# [WHAT NEEDS TO BE DONE]
As the answer, give every line of the records that includes the word "definition".

Extracted data entries:
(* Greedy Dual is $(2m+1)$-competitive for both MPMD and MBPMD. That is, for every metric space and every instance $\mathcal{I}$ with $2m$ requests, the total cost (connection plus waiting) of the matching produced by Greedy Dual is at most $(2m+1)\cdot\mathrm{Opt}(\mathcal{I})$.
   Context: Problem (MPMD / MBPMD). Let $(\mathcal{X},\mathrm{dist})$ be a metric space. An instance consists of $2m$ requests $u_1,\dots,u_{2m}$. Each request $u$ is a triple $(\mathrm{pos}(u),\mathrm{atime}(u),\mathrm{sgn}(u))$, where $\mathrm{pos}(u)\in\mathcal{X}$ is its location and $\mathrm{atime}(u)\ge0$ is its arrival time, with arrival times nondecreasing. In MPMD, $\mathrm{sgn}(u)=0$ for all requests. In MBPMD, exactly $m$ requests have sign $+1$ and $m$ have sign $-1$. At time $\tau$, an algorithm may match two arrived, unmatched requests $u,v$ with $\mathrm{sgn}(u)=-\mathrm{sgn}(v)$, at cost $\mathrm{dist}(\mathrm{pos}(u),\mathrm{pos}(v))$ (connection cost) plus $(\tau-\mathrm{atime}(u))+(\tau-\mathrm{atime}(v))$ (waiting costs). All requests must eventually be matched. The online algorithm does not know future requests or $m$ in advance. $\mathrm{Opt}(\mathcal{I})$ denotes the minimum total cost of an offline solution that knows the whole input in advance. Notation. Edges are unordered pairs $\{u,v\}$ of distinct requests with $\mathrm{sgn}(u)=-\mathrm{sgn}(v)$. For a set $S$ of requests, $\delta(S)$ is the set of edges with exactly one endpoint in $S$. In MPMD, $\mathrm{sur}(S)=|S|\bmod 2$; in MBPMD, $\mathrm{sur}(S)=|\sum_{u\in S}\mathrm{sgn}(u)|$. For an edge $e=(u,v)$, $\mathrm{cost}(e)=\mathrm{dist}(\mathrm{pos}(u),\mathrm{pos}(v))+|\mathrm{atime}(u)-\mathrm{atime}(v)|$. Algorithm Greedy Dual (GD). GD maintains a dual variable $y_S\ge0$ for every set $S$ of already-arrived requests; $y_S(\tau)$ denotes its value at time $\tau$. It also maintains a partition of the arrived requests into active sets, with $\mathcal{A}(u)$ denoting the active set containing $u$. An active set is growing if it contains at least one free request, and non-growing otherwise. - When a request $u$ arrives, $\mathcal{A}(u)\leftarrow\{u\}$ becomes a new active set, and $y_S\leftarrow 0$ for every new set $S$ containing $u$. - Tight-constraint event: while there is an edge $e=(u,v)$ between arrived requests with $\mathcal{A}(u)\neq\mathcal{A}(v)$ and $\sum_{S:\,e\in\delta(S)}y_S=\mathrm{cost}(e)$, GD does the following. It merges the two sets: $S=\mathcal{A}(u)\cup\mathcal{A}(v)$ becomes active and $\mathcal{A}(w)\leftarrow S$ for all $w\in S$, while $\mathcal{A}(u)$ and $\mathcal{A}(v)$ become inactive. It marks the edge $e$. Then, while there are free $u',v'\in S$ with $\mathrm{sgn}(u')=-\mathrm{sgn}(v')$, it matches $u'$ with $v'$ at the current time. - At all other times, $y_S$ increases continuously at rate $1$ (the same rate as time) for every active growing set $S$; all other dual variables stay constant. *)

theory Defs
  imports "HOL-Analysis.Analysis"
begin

---

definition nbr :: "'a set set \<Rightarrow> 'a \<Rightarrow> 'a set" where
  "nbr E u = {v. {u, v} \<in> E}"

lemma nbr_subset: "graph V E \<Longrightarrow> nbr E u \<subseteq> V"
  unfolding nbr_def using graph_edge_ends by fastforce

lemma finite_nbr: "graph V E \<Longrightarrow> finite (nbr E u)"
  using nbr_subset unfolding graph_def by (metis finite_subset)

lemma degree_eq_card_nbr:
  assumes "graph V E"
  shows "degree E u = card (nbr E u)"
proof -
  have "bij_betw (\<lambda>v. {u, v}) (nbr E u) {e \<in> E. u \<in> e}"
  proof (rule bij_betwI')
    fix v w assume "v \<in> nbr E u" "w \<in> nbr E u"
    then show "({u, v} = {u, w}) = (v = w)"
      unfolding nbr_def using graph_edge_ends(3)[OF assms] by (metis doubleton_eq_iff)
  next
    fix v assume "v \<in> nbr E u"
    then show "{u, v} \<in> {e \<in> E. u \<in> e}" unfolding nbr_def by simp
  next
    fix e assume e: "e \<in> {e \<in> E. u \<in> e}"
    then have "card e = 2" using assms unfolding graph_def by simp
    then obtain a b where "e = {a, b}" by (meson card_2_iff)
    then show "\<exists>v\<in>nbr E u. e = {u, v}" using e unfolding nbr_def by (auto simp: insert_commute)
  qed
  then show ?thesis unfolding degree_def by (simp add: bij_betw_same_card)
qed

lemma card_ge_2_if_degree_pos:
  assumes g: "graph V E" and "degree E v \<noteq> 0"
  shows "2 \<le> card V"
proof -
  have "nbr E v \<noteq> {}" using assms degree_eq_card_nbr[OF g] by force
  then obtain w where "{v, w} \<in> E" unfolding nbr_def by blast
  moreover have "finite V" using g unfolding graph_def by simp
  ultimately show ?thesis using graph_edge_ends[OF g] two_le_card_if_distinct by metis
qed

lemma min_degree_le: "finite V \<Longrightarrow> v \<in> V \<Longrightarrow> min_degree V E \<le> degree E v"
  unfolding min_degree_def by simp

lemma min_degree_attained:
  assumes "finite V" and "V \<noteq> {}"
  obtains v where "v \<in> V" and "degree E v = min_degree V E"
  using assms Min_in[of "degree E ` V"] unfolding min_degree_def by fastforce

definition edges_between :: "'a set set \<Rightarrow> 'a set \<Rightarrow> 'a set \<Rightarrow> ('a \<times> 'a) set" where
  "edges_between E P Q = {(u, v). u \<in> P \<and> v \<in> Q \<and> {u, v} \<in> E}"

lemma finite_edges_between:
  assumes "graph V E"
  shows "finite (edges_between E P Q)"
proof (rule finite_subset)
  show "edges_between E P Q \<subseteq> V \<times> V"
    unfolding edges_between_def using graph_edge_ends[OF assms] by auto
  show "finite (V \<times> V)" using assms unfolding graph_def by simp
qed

# [EXERCISE RESPONSE]
definition nbr :: "'a set set \<Rightarrow> 'a \<Rightarrow> 'a set" where
definition edges_between :: "'a set set \<Rightarrow> 'a set \<Rightarrow> 'a set \<Rightarrow> ('a \<times> 'a) set" where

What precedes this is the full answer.